* Material for the task
◆ ◆ ◆

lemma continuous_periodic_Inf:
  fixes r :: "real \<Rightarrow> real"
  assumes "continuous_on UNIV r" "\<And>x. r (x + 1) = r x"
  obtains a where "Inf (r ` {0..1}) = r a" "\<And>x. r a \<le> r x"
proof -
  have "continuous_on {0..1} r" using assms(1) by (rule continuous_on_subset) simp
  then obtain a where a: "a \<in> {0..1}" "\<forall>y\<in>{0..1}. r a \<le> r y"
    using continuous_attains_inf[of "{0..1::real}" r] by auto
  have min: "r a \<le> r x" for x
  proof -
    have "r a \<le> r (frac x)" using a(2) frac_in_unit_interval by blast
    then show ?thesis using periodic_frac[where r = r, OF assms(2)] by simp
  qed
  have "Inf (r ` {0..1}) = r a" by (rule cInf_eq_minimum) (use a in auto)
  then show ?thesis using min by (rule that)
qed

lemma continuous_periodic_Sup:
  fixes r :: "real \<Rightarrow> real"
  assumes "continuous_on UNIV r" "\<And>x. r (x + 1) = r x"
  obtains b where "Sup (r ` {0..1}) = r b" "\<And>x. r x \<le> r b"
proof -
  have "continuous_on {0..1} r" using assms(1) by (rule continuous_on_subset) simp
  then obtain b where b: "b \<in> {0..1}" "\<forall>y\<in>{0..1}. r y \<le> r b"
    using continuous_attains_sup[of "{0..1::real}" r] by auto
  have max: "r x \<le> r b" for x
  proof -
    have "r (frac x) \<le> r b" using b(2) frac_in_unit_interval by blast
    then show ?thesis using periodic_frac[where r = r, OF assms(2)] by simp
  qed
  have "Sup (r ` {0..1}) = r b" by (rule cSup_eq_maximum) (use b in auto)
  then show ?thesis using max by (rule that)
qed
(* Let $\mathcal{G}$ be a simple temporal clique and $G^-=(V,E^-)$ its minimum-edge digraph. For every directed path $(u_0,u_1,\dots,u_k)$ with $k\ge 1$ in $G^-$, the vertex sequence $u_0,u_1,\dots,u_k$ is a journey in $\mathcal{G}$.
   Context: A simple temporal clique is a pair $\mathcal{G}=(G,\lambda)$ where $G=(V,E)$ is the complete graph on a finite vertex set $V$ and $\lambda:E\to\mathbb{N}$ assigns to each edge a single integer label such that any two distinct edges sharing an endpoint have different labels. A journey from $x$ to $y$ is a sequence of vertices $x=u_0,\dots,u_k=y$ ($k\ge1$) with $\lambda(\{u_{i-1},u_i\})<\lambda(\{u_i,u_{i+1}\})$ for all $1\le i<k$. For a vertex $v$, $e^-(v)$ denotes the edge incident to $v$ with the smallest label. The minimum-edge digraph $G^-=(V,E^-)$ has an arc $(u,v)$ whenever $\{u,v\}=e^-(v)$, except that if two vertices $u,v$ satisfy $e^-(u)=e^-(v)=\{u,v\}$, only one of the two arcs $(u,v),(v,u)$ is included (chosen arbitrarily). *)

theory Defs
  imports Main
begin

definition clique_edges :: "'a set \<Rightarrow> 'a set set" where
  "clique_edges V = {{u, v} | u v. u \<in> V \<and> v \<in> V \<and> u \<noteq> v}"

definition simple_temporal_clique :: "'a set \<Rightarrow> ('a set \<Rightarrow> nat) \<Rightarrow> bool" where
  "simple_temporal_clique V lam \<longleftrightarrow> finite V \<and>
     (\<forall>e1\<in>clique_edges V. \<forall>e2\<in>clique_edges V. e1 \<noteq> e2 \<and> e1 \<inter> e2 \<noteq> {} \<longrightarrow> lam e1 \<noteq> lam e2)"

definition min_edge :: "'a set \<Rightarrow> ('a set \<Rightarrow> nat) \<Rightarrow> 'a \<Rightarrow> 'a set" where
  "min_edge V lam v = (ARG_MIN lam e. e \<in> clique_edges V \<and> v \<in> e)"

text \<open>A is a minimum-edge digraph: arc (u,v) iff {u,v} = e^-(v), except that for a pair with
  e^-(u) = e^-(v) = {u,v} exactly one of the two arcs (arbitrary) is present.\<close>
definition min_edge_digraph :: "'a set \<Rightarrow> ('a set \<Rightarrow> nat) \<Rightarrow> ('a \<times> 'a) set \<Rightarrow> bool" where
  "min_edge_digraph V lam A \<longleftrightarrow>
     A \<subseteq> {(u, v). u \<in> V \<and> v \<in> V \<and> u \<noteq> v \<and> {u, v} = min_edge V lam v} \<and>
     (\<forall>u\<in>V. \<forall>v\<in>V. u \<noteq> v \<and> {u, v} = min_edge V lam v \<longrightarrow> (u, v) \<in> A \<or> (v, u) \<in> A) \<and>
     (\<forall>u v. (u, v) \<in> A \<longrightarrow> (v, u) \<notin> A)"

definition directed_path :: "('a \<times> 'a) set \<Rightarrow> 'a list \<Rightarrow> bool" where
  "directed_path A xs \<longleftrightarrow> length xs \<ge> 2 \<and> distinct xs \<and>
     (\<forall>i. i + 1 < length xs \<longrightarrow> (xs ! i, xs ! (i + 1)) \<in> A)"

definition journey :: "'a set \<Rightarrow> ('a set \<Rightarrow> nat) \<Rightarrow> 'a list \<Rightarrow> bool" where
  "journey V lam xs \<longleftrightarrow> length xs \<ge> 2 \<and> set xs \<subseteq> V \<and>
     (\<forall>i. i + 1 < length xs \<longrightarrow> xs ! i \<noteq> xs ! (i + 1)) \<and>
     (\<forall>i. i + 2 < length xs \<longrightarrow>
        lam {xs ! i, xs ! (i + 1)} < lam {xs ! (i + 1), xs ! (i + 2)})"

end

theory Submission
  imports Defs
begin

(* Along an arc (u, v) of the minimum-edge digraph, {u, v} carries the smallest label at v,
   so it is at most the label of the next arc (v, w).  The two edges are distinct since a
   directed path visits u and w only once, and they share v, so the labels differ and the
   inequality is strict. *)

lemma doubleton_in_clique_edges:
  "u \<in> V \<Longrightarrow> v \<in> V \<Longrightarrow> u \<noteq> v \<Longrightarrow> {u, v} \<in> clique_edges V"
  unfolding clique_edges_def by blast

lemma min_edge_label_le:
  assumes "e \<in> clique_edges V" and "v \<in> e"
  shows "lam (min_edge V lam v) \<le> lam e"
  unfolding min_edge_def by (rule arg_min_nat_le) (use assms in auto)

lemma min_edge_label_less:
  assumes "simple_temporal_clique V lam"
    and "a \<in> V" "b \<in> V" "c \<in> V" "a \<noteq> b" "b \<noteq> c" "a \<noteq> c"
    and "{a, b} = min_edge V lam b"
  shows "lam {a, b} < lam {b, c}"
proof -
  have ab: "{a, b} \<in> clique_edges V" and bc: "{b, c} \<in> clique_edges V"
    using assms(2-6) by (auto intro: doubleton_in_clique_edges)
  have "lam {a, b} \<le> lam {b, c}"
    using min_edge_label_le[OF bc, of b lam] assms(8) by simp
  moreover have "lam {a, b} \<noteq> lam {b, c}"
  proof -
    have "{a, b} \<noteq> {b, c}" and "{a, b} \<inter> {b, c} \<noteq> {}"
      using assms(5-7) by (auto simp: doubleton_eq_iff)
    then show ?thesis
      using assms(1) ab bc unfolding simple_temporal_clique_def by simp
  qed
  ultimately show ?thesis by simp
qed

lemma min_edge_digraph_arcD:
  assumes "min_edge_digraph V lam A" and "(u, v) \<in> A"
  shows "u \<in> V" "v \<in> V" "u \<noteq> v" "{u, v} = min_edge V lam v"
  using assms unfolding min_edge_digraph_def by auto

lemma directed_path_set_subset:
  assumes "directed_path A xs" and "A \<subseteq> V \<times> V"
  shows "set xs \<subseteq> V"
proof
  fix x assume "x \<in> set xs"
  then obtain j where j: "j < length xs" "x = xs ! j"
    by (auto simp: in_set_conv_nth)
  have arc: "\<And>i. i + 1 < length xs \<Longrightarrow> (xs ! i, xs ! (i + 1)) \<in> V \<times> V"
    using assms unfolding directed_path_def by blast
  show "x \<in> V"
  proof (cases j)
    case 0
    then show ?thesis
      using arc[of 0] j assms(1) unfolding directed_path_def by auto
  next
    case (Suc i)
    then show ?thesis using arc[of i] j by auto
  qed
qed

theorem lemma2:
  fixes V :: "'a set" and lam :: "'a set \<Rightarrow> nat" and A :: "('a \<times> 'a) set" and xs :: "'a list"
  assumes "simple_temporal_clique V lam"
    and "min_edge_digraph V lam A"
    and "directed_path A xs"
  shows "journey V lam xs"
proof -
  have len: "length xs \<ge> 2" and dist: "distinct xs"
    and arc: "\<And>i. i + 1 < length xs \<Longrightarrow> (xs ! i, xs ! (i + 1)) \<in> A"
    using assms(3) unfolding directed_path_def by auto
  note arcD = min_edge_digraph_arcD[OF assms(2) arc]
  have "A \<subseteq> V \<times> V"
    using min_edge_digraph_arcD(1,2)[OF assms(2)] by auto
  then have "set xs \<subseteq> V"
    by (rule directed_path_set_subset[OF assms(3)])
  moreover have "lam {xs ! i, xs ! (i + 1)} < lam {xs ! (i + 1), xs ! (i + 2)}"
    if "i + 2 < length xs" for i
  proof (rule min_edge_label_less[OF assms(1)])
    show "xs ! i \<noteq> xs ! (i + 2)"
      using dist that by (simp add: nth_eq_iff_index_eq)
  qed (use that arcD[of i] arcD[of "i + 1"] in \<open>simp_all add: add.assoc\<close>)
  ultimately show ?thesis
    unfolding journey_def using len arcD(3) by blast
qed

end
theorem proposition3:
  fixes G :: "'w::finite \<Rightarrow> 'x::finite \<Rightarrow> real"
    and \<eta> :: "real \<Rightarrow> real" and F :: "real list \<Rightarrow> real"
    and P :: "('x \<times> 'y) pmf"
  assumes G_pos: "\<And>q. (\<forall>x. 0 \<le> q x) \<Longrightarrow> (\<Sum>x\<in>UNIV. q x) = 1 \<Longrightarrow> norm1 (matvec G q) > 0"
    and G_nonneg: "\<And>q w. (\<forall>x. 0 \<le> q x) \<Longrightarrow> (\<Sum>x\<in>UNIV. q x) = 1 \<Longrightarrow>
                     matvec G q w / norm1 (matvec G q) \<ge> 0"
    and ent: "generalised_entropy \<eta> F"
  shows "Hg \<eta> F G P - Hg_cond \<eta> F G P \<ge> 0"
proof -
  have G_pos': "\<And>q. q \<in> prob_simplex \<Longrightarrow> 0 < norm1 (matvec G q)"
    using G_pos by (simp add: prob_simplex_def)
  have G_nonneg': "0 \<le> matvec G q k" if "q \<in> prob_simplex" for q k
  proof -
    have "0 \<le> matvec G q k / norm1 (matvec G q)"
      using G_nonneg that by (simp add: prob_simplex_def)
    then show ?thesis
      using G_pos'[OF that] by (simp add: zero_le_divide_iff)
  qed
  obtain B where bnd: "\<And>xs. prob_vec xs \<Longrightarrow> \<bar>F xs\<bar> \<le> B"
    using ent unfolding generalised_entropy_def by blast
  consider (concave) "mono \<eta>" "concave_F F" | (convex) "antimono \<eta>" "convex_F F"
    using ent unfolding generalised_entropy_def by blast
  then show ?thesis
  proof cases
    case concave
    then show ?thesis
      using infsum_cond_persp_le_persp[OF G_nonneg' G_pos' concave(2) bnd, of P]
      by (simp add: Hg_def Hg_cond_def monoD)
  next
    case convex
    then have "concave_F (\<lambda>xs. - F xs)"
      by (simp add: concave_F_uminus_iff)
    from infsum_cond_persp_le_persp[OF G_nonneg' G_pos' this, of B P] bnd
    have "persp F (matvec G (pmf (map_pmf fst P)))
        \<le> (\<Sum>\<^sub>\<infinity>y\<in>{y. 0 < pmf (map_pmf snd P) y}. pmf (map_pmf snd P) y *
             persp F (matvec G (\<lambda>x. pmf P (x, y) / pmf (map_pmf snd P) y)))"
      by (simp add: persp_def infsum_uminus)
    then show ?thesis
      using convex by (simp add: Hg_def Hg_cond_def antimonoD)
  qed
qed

◆ ◆ ◆

* Required work
Look above for the line with "nat) \<Rightarrow> 'a list" and the line with "so it is at", and reproduce exactly those two lines plus every line between, nothing more.

* Answer area
definition journey :: "'a set \<Rightarrow> ('a set \<Rightarrow> nat) \<Rightarrow> 'a list \<Rightarrow> bool" where
  "journey V lam xs \<longleftrightarrow> length xs \<ge> 2 \<and> set xs \<subseteq> V \<and>
     (\<forall>i. i + 1 < length xs \<longrightarrow> xs ! i \<noteq> xs ! (i + 1)) \<and>
     (\<forall>i. i + 2 < length xs \<longrightarrow>
        lam {xs ! i, xs ! (i + 1)} < lam {xs ! (i + 1), xs ! (i + 2)})"

end

theory Submission
  imports Defs
begin

(* Along an arc (u, v) of the minimum-edge digraph, {u, v} carries the smallest label at v,
   so it is at most the label of the next arc (v, w).  The two edges are distinct since a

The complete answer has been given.